Real-time machinery evaluation leads to plant profitability
Performance evaluation of rotating machinery in a refinery can provide many benefits to the plant engineering and reliability team. This case study deals with pumps; however, such an exercise can be applied equally to other major and critical pieces of machinery available in an operating plant. Centrifugal compressor monitoring can be done using such an approach to evaluate the operating context of the compressor. Variables such as the operating margin around the anti-surge line, compressor polytropic head and efficiency, and gas horsepower can be readily determined in real time giving valuable information on the condition of a particular asset. This approach also helps in cutting back heavy reliance on the OEM and utilizing on-site, in-house expertise in trying to diagnose and predict complex rotating equipment issues.
You can develop a head-flow Excel graph similar to Figure 1. You can color-code the preferable and the allowed operating regions from the best efficiency point (BEF) as per API 610 requirements on the pump curve. The real-time data point can then be imported into Excel and subsequently shown on the graph as described in the study giving a good and easy visual of where a particular pump is operating relative to the pump curve. Pumps operating beyond the allowable margin can be addressed at the soonest available interval. Pumps in the allowable margin can be studied further and related with their overall vibration limits and seal reliability, and an effort can be made to operate such pumps in the preferred region.
Many machinery vendors have developed sophisticated programs to monitor the real-time performance of machinery. These packages and solutions can often be expensive and cumbersome to implement in some cases. This case study provides a simpler means to evaluate machinery performance. Depending on the complexity required, many basic and even advanced calculations can be done within Microsoft Excel, provided sufficient and important data can be extracted from the real-time plant data historian.
Deciphering data
Evaluating machinery condition forms the cornerstone of predictive maintenance (PdM) programs in many operating plants. Organizations planning to implement reliability-centered maintenance programs or maintain an existing program are bound to benefit highly with such tools and exercises in performance evaluations. These provide a cost-effective way to analyze machinery without heavy capital investment on sophisticated programs and subsequent training. Maintaining this information on a local server database in the plant can assist the operating personnel in understanding how they are operating the machinery and what impact on reliability, if any, such an operation produces in the long term.
In contrast, data mined from sophisticated monitoring software often requires specialized expertise to decipher and relate it to the operating context. Such detailed data is often very useful in performing detailed root cause analysis in repeated or critical machinery failures.

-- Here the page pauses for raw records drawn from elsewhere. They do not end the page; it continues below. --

(* In the setting of the context (FSR scheme with direct flux reconstruction), let $\mathcal{E}_j=(\Phi_{j+1/2}-\Phi_{j-1/2})/h$ evaluated on exact nodal values. If $\kappa_3=\kappa-1$, $\theta=1/3$ and $\theta_3=0$, then as $h\to0$, with derivatives at $x_j$, $$\mathcal{E}_j=\frac{\partial f}{\partial x}-\frac1{30}\frac{\partial^5 f}{\partial x^5}h^4+\frac{\kappa-1}{32}\left[\frac{\partial D}{\partial x}\frac{\partial^5 u}{\partial x^5}+D(u(x_j))\frac{\partial^6 u}{\partial x^6}\right]h^5+O(h^6),$$ where $f$ denotes $f(u(x))$ and $\partial D/\partial x=\frac{d}{dx}D(u(x))$ (fourth-order accuracy).
   Context: Let $h>0$, uniform grid $x_i=ih$, $i\in\mathbb{Z}$. Let $u$ be a smooth real function of $x$, $u_i=u(x_i)$; let $f$ (flux) and $D$ (dissipation coefficient) be smooth real functions of one variable; $f_i=f(u_i)$. For nodal values $g_i$ define successive central differences $(g_x)_i=(g_{i+1}-g_{i-1})/(2h)$, $(g_{xx})_i=((g_x)_{i+1}-(g_x)_{i-1})/(2h)$, and for the face $i+1/2$ with $j=i$, $k=i+1$, define $T_j[g]=\frac h4((g_x)_k-(g_x)_j)-\frac{h^2}{4}(g_{xx})_j$, $T_k[g]=\frac h4((g_x)_k-(g_x)_j)-\frac{h^2}{4}(g_{xx})_k$. Reconstructed solution states (parameters $\kappa,\kappa_3$): $u_L=\kappa\frac{u_j+u_k}{2}+(1-\kappa)[u_j+\frac h2(u_x)_j]+\kappa_3T_j[u]$, $u_R=\kappa\frac{u_j+u_k}{2}+(1-\kappa)[u_k-\frac h2(u_x)_k]+\kappa_3T_k[u]$. Reconstructed fluxes (parameters $\theta,\theta_3$): $f_L=\theta\frac{f_j+f_k}{2}+(1-\theta)[f_j+\frac h2(f_x)_j]+\theta_3T_j[f]$, $f_R=\theta\frac{f_j+f_k}{2}+(1-\theta)[f_k-\frac h2(f_x)_k]+\theta_3T_k[f]$. Numerical flux: $\Phi_{i+1/2}=\frac12(f_L+f_R)-\frac12D_{i+1/2}(u_R-u_L)$, with $D_{i+1/2}=\bar D(u_i,u_{i+1})$ for a smooth symmetric $\bar D$ with $\bar D(v,v)=D(v)$. *)

theory Defs
  imports "HOL-Analysis.Analysis" "HOL-Library.Landau_Symbols"
begin

definition smooth1 :: "(real \<Rightarrow> real) \<Rightarrow> bool" where
  "smooth1 g \<longleftrightarrow> (\<forall>n x. ((deriv ^^ n) g) differentiable (at x))"

definition pd1 :: "(real \<Rightarrow> real \<Rightarrow> real) \<Rightarrow> real \<Rightarrow> real \<Rightarrow> real" where
  "pd1 g = (\<lambda>a b. deriv (\<lambda>s. g s b) a)"
definition pd2 :: "(real \<Rightarrow> real \<Rightarrow> real) \<Rightarrow> real \<Rightarrow> real \<Rightarrow> real" where
  "pd2 g = (\<lambda>a b. deriv (\<lambda>t. g a t) b)"

definition iter_pd :: "bool list \<Rightarrow> (real \<Rightarrow> real \<Rightarrow> real) \<Rightarrow> real \<Rightarrow> real \<Rightarrow> real" where
  "iter_pd ds g = fold (\<lambda>d h. if d then pd1 h else pd2 h) ds g"

definition smooth2 :: "(real \<Rightarrow> real \<Rightarrow> real) \<Rightarrow> bool" where
  "smooth2 g \<longleftrightarrow> (\<forall>ds. continuous_on UNIV (\<lambda>p. iter_pd ds g (fst p) (snd p)) \<and>
       (\<forall>a b. (\<lambda>s. iter_pd ds g s b) differentiable (at a) \<and>
              (\<lambda>t. iter_pd ds g a t) differentiable (at b)))"

definition cx :: "real \<Rightarrow> (int \<Rightarrow> real) \<Rightarrow> int \<Rightarrow> real" where
  "cx h g i = (g (i+1) - g (i-1)) / (2*h)"
definition cxx :: "real \<Rightarrow> (int \<Rightarrow> real) \<Rightarrow> int \<Rightarrow> real" where
  "cxx h g i = (cx h g (i+1) - cx h g (i-1)) / (2*h)"

text \<open>Third-order correction terms at face i+1/2 (j = i, k = i+1).\<close>
definition Tj :: "real \<Rightarrow> (int \<Rightarrow> real) \<Rightarrow> int \<Rightarrow> real" where
  "Tj h g i = h/4 * (cx h g (i+1) - cx h g i) - h^2/4 * cxx h g i"
definition Tk :: "real \<Rightarrow> (int \<Rightarrow> real) \<Rightarrow> int \<Rightarrow> real" where
  "Tk h g i = h/4 * (cx h g (i+1) - cx h g i) - h^2/4 * cxx h g (i+1)"

definition recL :: "real \<Rightarrow> real \<Rightarrow> real \<Rightarrow> (int \<Rightarrow> real) \<Rightarrow> int \<Rightarrow> real" where
  "recL k k3 h g i = k * (g i + g (i+1)) / 2 + (1 - k) * (g i + h/2 * cx h g i) + k3 * Tj h g i"
definition recR :: "real \<Rightarrow> real \<Rightarrow> real \<Rightarrow> (int \<Rightarrow> real) \<Rightarrow> int \<Rightarrow> real" where
  "recR k k3 h g i = k * (g i + g (i+1)) / 2 + (1 - k) * (g (i+1) - h/2 * cx h g (i+1)) + k3 * Tk h g i"

definition numflux ::
  "real \<Rightarrow> real \<Rightarrow> real \<Rightarrow> real \<Rightarrow> (real \<Rightarrow> real) \<Rightarrow> (real \<Rightarrow> real \<Rightarrow> real)
     \<Rightarrow> real \<Rightarrow> (int \<Rightarrow> real) \<Rightarrow> int \<Rightarrow> real" where
  "numflux \<kappa> \<kappa>3 \<theta> \<theta>3 f Dbar h v i =
     (recL \<theta> \<theta>3 h (f \<circ> v) i + recR \<theta> \<theta>3 h (f \<circ> v) i) / 2
     - Dbar (v i) (v (i+1)) / 2 * (recR \<kappa> \<kappa>3 h v i - recL \<kappa> \<kappa>3 h v i)"

definition fsr_E ::
  "real \<Rightarrow> real \<Rightarrow> real \<Rightarrow> real \<Rightarrow> (real \<Rightarrow> real) \<Rightarrow> (real \<Rightarrow> real \<Rightarrow> real)
     \<Rightarrow> (real \<Rightarrow> real) \<Rightarrow> real \<Rightarrow> real \<Rightarrow> real" where
  "fsr_E \<kappa> \<kappa>3 \<theta> \<theta>3 f Dbar u x h =
     (let v = (\<lambda>i::int. u (x + of_int i * h)) in
      (numflux \<kappa> \<kappa>3 \<theta> \<theta>3 f Dbar h v 0 - numflux \<kappa> \<kappa>3 \<theta> \<theta>3 f Dbar h v (-1)) / h)"

end

(*
  With kappa3 = kappa - 1, theta = 1/3 and theta3 = 0 the numerical flux collapses to two
  finite-difference stencils: the difference of the averaged reconstructed fluxes is the
  classical fourth-order central difference of f(u), and the jump u_R - u_L at the face
  i + 1/2 is (1 - kappa)/16 times the fifth difference of u over the nodes i-2 .. i+3.
  Taylor expansion gives h (f o u)' - h^5 (f o u)^(5)/30 + O(h^7) for the former and
  h^5 u^(5) +- h^6 u^(6)/2 + O(h^7) for the two fifth differences at the faces j +- 1/2.
  The dissipation coefficients are Dbar(u_j, u_(j+-1)) = D(u_j) +- h psi' + O(h^2) with
  psi(t) = Dbar(u(x_j), u(t)), and symmetry of Dbar gives (D o u)' = 2 psi'. Hence the
  dissipative fluxes differ by h^6 ((D o u)' u^(5) + D(u) u^(6)) (1 - kappa)/32 + O(h^7),
  and dividing by h yields the expansion.
*)
theory Submission
  imports Defs
begin

lemma real_differentiable_iff_field_differentiable:
  "(g :: real \<Rightarrow> real) differentiable (at x) \<longleftrightarrow> g field_differentiable (at x)"
  by (metis DERIV_deriv_iff_real_differentiable DERIV_deriv_iff_field_differentiable)

text \<open>\<open>differentiable_upto n g\<close> says that \<open>g\<close> is \<open>n + 1\<close> times differentiable on all of \<open>\<real>\<close>.\<close>

definition differentiable_upto :: "nat \<Rightarrow> (real \<Rightarrow> real) \<Rightarrow> bool" where
  "differentiable_upto n g \<longleftrightarrow> (\<forall>m\<le>n. \<forall>x. (deriv ^^ m) g differentiable (at x))"

lemma differentiable_upto_0: "differentiable_upto 0 g \<longleftrightarrow> (\<forall>x. g differentiable (at x))"
  by (simp add: differentiable_upto_def)

lemma differentiable_upto_Suc:
  "differentiable_upto (Suc n) g \<longleftrightarrow> (\<forall>x. g differentiable (at x)) \<and> differentiable_upto n (deriv g)"
proof -
  have "(deriv ^^ Suc m) g = (deriv ^^ m) (deriv g)" for m
    by (simp add: funpow_Suc_right del: funpow.simps)
  then show ?thesis
    unfolding differentiable_upto_def
    by (metis Suc_le_mono funpow_0 id_apply le0 not0_implies_Suc)
qed

lemma differentiable_upto_mono: "differentiable_upto n g \<Longrightarrow> m \<le> n \<Longrightarrow> differentiable_upto m g"
  by (simp add: differentiable_upto_def)

lemma differentiable_upto_differentiable: "differentiable_upto n g \<Longrightarrow> g differentiable (at x)"
  by (metis differentiable_upto_def funpow_0 le0)

lemma smooth1_differentiable_upto: "smooth1 g \<Longrightarrow> differentiable_upto n g"
  by (simp add: differentiable_upto_def smooth1_def)

lemma differentiable_upto_add:
  "differentiable_upto n g \<Longrightarrow> differentiable_upto n h \<Longrightarrow> differentiable_upto n (\<lambda>x. g x + h x)"
proof (induction n arbitrary: g h)
  case 0
  then show ?case by (simp add: differentiable_upto_0)
next
  case (Suc n)
  then have "deriv (\<lambda>x. g x + h x) = (\<lambda>x. deriv g x + deriv h x)"
    by (auto simp: differentiable_upto_Suc real_differentiable_iff_field_differentiable)
  with Suc show ?case by (simp add: differentiable_upto_Suc)
qed

lemma differentiable_upto_mult:
  "differentiable_upto n g \<Longrightarrow> differentiable_upto n h \<Longrightarrow> differentiable_upto n (\<lambda>x. g x * h x)"
proof (induction n arbitrary: g h)
  case 0
  then show ?case by (simp add: differentiable_upto_0)
next
  case (Suc n)
  then have "deriv (\<lambda>x. g x * h x) = (\<lambda>x. g x * deriv h x + deriv g x * h x)"
    by (auto simp: differentiable_upto_Suc real_differentiable_iff_field_differentiable)
  moreover have "differentiable_upto n (\<lambda>x. g x * deriv h x + deriv g x * h x)"
    using Suc.prems differentiable_upto_mono[OF Suc.prems(1)] differentiable_upto_mono[OF Suc.prems(2)]
    by (intro differentiable_upto_add Suc.IH) (simp_all add: differentiable_upto_Suc)
  ultimately show ?case
    using Suc.prems by (simp add: differentiable_upto_Suc)
qed

lemma differentiable_upto_comp:
  "differentiable_upto n g \<Longrightarrow> differentiable_upto n h \<Longrightarrow> differentiable_upto n (g \<circ> h)"
proof (induction n arbitrary: g h)
  case 0
  then show ?case by (metis differentiable_upto_0 differentiable_chain_at)
next
  case (Suc n)
  have g: "\<forall>x. g differentiable (at x)" and h: "\<forall>x. h differentiable (at x)"
    using Suc.prems by (simp_all add: differentiable_upto_Suc)
  then have "deriv (g \<circ> h) = (\<lambda>x. (deriv g \<circ> h) x * deriv h x)"
    by (simp add: fun_eq_iff real_derivative_chain)
  moreover have "differentiable_upto n (\<lambda>x. (deriv g \<circ> h) x * deriv h x)"
    using Suc.prems differentiable_upto_mono[OF Suc.prems(2)]
    by (intro differentiable_upto_mult Suc.IH) (simp_all add: differentiable_upto_Suc)
  moreover have "\<forall>x. (g \<circ> h) differentiable (at x)"
    using g h differentiable_chain_at by blast
  ultimately show ?case by (simp add: differentiable_upto_Suc comp_def)
qed

lemma iter_pd_snoc: "iter_pd (ds @ [d]) g = (if d then pd1 (iter_pd ds g) else pd2 (iter_pd ds g))"
  by (simp add: iter_pd_def)

lemma higher_deriv_eq_iter_pd2: "(deriv ^^ n) (G a) = iter_pd (replicate n False) G a"
proof (induction n)
  case 0
  then show ?case by (simp add: iter_pd_def)
next
  case (Suc n)
  have "(deriv ^^ Suc n) (G a) = iter_pd (replicate n False @ [False]) G a"
    by (simp add: Suc iter_pd_snoc pd2_def)
  then show ?case by (simp add: replicate_append_same)
qed

lemma smooth2_differentiable_upto: "smooth2 G \<Longrightarrow> differentiable_upto n (G a)"
  unfolding differentiable_upto_def smooth2_def higher_deriv_eq_iter_pd2 by blast

lemma smooth2_partial_derivs:
  assumes "smooth2 G"
  shows "(G a has_real_derivative pd2 G a b) (at b)"
    and "((\<lambda>s. G s b) has_real_derivative pd1 G a b) (at a)"
    and "continuous_on UNIV (\<lambda>p. pd2 G (fst p) (snd p))"
proof -
  have "iter_pd [] G = G" "iter_pd [False] G = pd2 G"
    by (simp_all add: iter_pd_def)
  with assms have "G a differentiable (at b)" "(\<lambda>s. G s b) differentiable (at a)"
    and "continuous_on UNIV (\<lambda>p. pd2 G (fst p) (snd p))"
    unfolding smooth2_def by metis+
  then show "(G a has_real_derivative pd2 G a b) (at b)"
    and "((\<lambda>s. G s b) has_real_derivative pd1 G a b) (at a)"
    and "continuous_on UNIV (\<lambda>p. pd2 G (fst p) (snd p))"
    by (simp_all add: pd1_def pd2_def DERIV_deriv_iff_real_differentiable)
qed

Experience has also shown that presenting cost savings or breakdown information to senior management is a good way to capture their attention and address key issues in the plant. This case study does this by utilizing pump operation and efficiency to capture energy waste and subsequent lost revenue in operating costs. Use this process and improvise the presentable data in a way meaningful to drive change in your organization. When developing such evaluation sheets, it’s a good practice to include the process operating variables so that a trend and a relationship can be drawn between upset process conditions and machinery response. This data is very valuable during RCA discussions and investigations.
Keeping the evaluation process simple and concise by filtering unwanted data and presenting the key data can help a practicing engineer avoid the old adage of paralysis through analysis.
It’s a fact that, if you can’t measure something, then it’s quite difficult to control that something. We focus our attention on the centrifugal pump, one of the most common pieces of rotating machinery in an oil refinery. A poorly operating centrifugal pump in a refinery can lead to high maintenance and operating costs due to poor efficiency.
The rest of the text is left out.